Integrate $\int_{0}^{\pi}{-\cos{x}}{_2F_1}\left(\frac{1}{2},\frac{1-n}{2};\frac{3}{2};\cos{^{2}x}\right)\sin{^{1+n}x}\sin{^{2}x}^{\frac{-1-n}{2}}$

Question

May I expect the closed-form of this integral?

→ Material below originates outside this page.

(* Let $X$ be a finite $T_0$ topological space, let $\mathcal V$ be a multivector field on $X$ such that $X$ is invariant, and let $\mathcal M=\{M_p\mid p\in\mathbb P\}$ be a Morse predecomposition of $X$. If among the admissible preorders on $\mathbb P$ there is a partial order, then the indexed family $\mathcal M':=\{M_{\{p\}}\mid p\in\mathbb P\}$ is a Morse decomposition of $X$.
   Context: Notation: $\operatorname{cl}$ is closure; $A\subset X$ is locally closed if $\operatorname{cl}A\setminus A$ is closed. A multivector field $\mathcal V$ on $X$ is a partition of $X$ into locally closed sets (multivectors); $[x]_{\mathcal V}$ is the multivector containing $x$. A multivector $V$ is critical if the relative singular homology $H(\operatorname{cl}V,\operatorname{cl}V\setminus V)$ is nontrivial, regular otherwise. $A$ is $\mathcal V$-compatible if it is a union of multivectors; the $\mathcal V$-hull $\langle A\rangle_{\mathcal V}$ is the smallest locally closed $\mathcal V$-compatible set containing $A$. Put $\Pi_{\mathcal V}(x)=\operatorname{cl}\{x\}\cup[x]_{\mathcal V}$. A solution is a partial map $\gamma:\mathbb Z\nrightarrow X$ whose domain is an interval of integers and $\gamma(t+1)\in\Pi_{\mathcal V}(\gamma(t))$ whenever $t,t+1\in\operatorname{dom}\gamma$; a path is a solution with finite domain; a full solution has domain $\mathbb Z$. For a full solution, $\alpha(\gamma)=\langle\bigcap_{t\in\mathbb Z,t\le0}\gamma((-\infty,t])\rangle_{\mathcal V}$ and $\omega(\gamma)=\langle\bigcap_{t\in\mathbb Z,t\ge0}\gamma([t,\infty))\rangle_{\mathcal V}$. A full solution is essential unless $\alpha(\gamma)$ or $\omega(\gamma)$ is contained in a single regular multivector. An essential solution in $A$ is an essential full solution with image in $A$. For $S\subset X$, $\operatorname{Inv}S$ is the set of $x\in S$ such that some essential solution $\gamma$ in $S$ has $\gamma(0)=x$; $S$ is invariant if $\operatorname{Inv}S=S$. An invariant set $S$ is an isolated invariant set if there is a closed $N\supset\Pi_{\mathcal V}(S)$ such that every path in $N$ with both endpoints in $S$ has image in $S$. Links: for invariant $S_1,S_2$, a full solution $\gamma$ is a link from $S_1$ to $S_2$ if $\alpha(\gamma)\cap S_1\ne\emptyset\ne\omega(\gamma)\cap S_2$. Morse predecomposition of $X$: an indexed family $\mathcal M=\{M_p\mid p\in\mathbb P\}$ of mutually disjoint isolated invariant subsets of $X$ such that every essential solution in $X$ is a link from $M_p$ to $M_q$ for some $p,q\in\mathbb P$. A preorder $\le$ on $\mathbb P$ is admissible if the existence of a link from $M_p$ to $M_q$ implies $q\le p$. An invariant $T\subset X$ is saturated (in $X$) if every essential solution $\gamma$ in $X$ with $\alpha(\gamma)\subset T$ and $\omega(\gamma)\subset T$ has $\operatorname{im}\gamma\subset T$. A Morse decomposition of $X$ is a Morse predecomposition all of whose members are saturated and for which some admissible preorder is a partial order. For $C\subset X$ put $\mathbb P_C=\{p\in\mathbb P\mid M_p\cap C\neq\emptyset\}$. For $\mathbb Q\subset\mathbb P$, let $\operatorname{eSol}_{\mathbb Q}(X)$ be the set of essential solutions $\gamma$ in $X$ with $\mathbb P_{\alpha(\gamma)}\cap\mathbb Q\ne\emptyset\ne\mathbb P_{\omega(\gamma)}\cap\mathbb Q$, and $M_{\mathbb Q}:=\bigcup\{\operatorname{im}\gamma\mid\gamma\in\operatorname{eSol}_{\mathbb Q}(X)\}$. *)

theory Defs
  imports "HOL-Analysis.Analysis" "HOL-Homology.Homology"
begin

$$\int_{0}^{\pi}{{_2F_1}\left(\left.\begin{array}{cc}\frac{1}{2}&\frac{-n+1}{2}\\&\frac{3}{2}\end{array}\right|\cos^2(x)\right)(-\cos{x})(\sin{^{n+1}x})(\sin{^{2}x})^{\frac{1}{2}(-n-1)}\,dx}$$

or at least

$$\int{{_2F_1}\left(\left.\begin{array}{cc}\frac{1}{2}&\frac{-n+1}{2}\\&\frac{3}{2}\end{array}\right|\cos^2(x)\right)(-\cos{x})(\sin{^{n+1}x})(\sin{^{2}x})^{\frac{1}{2}(-n-1)}\,dx}$$

The integrand is a result of $$\int{\sin{^{n}(x)}\,dx}.$$

I'm hoping that someone could do the closed-form because my Mathematica couldn't make the result even I tried to put $n=2$ and $n=3$.

Thank you.

Answer 1

May I expect the closed-form of this integral ?

Yes, you may. In fact, the answer is $0$, due to the parity of the sine and cosine functions.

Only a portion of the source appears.